(* In the quantized ARX setting described in the context, suppose Assumptions (A1)–(A4) and (A6) hold, and let $0\le q\le q_0$. Write the least squares estimate $\theta_n(p^*,q)=[-a_{1n}(q),\dots,-a_{p^*n}(q),b_{1n}(q),\dots,b_{qn}(q)]^\top$, define $$\hat\theta_n(q)=[-a_{1n}(q),\dots,-a_{p^*n}(q),b_{1n}(q),\dots,b_{qn}(q),\underbrace{0,\dots,0}_{q_0-q}]^\top$$ and $\tilde\theta_n(q)=\bar\theta(p^*,q_0)-\hat\theta_n(q)$. Then there is a constant $\gamma'$ such that, almost surely, $\|\tilde\theta_n(q)\|\le\gamma'$ for all sufficiently large $n$.
   Context: System: $y_{n+1}=-a_1y_n-\dots-a_{p_0}y_{n-p_0+1}+b_1u_n+\dots+b_{q_0}u_{n-q_0+1}+w_{n+1}$, $n\ge0$, i.e. $A(z)y_{n+1}=B(z)u_n+w_{n+1}$ with $A(z)=1+a_1z+\dots+a_{p_0}z^{p_0}$ ($p_0\ge0$), $B(z)=b_1+\dots+b_{q_0}z^{q_0-1}$ ($q_0\ge1$), $z$ the backward shift, $a_{p_0}\ne0$, $b_{q_0}\ne0$. Noise $\{w_n\}$ i.i.d. $N(0,1)$; $y_n=u_n=w_n=0$ for $n<0$. With quantization step $\varepsilon>0$, $s_n=\varepsilon\lfloor y_n/\varepsilon+1/2\rfloor$. For integers $p,q\ge0$, $\psi_i(p,q)=[s_i,\dots,s_{i-p+1},u_i,\dots,u_{i-q+1}]^\top$ with $s_i=u_i=0$ when $i\le0$; $P_{n}(p,q)=(I+\sum_{i=0}^{n-1}\psi_i(p,q)\psi_i(p,q)^\top)^{-1}$; $\lambda^{(p,q)}_{min}(n)$ is the smallest eigenvalue of $P_{n+1}^{-1}(p,q)$. Least squares estimate $\theta_n(p,q)=P_n(p,q)\sum_{i=0}^{n-1}\psi_i(p,q)s_{i+1}$. $\bar\theta(p,q)=[-a_1,\dots,-a_p,b_1,\dots,b_q]^\top$ with $a_i=0$ for $i>p_0$, $b_j=0$ for $j>q_0$. Assumptions: (A1) $\{u_i\}$ i.i.d., uniform on $[-\delta,\delta]$, $\delta>0$. (A2) $A(z)\ne0$ for all $|z|\le1$. (A3) There is $c>0$ with $|a_i|\le c$, $|b_j|\le c$ for all $i,j$, and $\varepsilon<\frac{1}{2(1+p_0c)}$. (A4) $(p_0,q_0)\in\{(p,q):0\le p\le p^*,1\le q\le q^*\}$ for known integers $p^*,q^*>0$. (A6) There is $c_2>0$ such that for all $0\le q\le q^*$, almost surely $\lambda^{(p^*,q)}_{min}(n)\ge c_2(n+1)$ for all sufficiently large $n$. *)

theory Defs
  imports "HOL-Probability.Probability" "Jordan_Normal_Form.Gauss_Jordan_Elimination"
    "Jordan_Normal_Form.Char_Poly"
begin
◆ ◆ ◆ ◆ ◆
> TASK ITEM
Please be sure to repeat every entry exactly.

> SOLUTION BELOW
(* In the quantized ARX setting described in the context, suppose Assumptions (A1)–(A4) and (A6) hold, and let $0\le q\le q_0$. Write the least squares estimate $\theta_n(p^*,q)=[-a_{1n}(q),\dots,-a_{p^*n}(q),b_{1n}(q),\dots,b_{qn}(q)]^\top$, define $$\hat\theta_n(q)=[-a_{1n}(q),\dots,-a_{p^*n}(q),b_{1n}(q),\dots,b_{qn}(q),\underbrace{0,\dots,0}_{q_0-q}]^\top$$ and $\tilde\theta_n(q)=\bar\theta(p^*,q_0)-\hat\theta_n(q)$. Then there is a constant $\gamma'$ such that, almost surely, $\|\tilde\theta_n(q)\|\le\gamma'$ for all sufficiently large $n$.
   Context: System: $y_{n+1}=-a_1y_n-\dots-a_{p_0}y_{n-p_0+1}+b_1u_n+\dots+b_{q_0}u_{n-q_0+1}+w_{n+1}$, $n\ge0$, i.e. $A(z)y_{n+1}=B(z)u_n+w_{n+1}$ with $A(z)=1+a_1z+\dots+a_{p_0}z^{p_0}$ ($p_0\ge0$), $B(z)=b_1+\dots+b_{q_0}z^{q_0-1}$ ($q_0\ge1$), $z$ the backward shift, $a_{p_0}\ne0$, $b_{q_0}\ne0$. Noise $\{w_n\}$ i.i.d. $N(0,1)$; $y_n=u_n=w_n=0$ for $n<0$. With quantization step $\varepsilon>0$, $s_n=\varepsilon\lfloor y_n/\varepsilon+1/2\rfloor$. For integers $p,q\ge0$, $\psi_i(p,q)=[s_i,\dots,s_{i-p+1},u_i,\dots,u_{i-q+1}]^\top$ with $s_i=u_i=0$ when $i\le0$; $P_{n}(p,q)=(I+\sum_{i=0}^{n-1}\psi_i(p,q)\psi_i(p,q)^\top)^{-1}$; $\lambda^{(p,q)}_{min}(n)$ is the smallest eigenvalue of $P_{n+1}^{-1}(p,q)$. Least squares estimate $\theta_n(p,q)=P_n(p,q)\sum_{i=0}^{n-1}\psi_i(p,q)s_{i+1}$. $\bar\theta(p,q)=[-a_1,\dots,-a_p,b_1,\dots,b_q]^\top$ with $a_i=0$ for $i>p_0$, $b_j=0$ for $j>q_0$. Assumptions: (A1) $\{u_i\}$ i.i.d., uniform on $[-\delta,\delta]$, $\delta>0$. (A2) $A(z)\ne0$ for all $|z|\le1$. (A3) There is $c>0$ with $|a_i|\le c$, $|b_j|\le c$ for all $i,j$, and $\varepsilon<\frac{1}{2(1+p_0c)}$. (A4) $(p_0,q_0)\in\{(p,q):0\le p\le p^*,1\le q\le q^*\}$ for known integers $p^*,q^*>0$. (A6) There is $c_2>0$ such that for all $0\le q\le q^*$, almost surely $\lambda^{(p^*,q)}_{min}(n)\ge c_2(n+1)$ for all sufficiently large $n$. *)

theory Defs
  imports "HOL-Probability.Probability" "Jordan_Normal_Form.Gauss_Jordan_Elimination"
    "Jordan_Normal_Form.Char_Poly"
begin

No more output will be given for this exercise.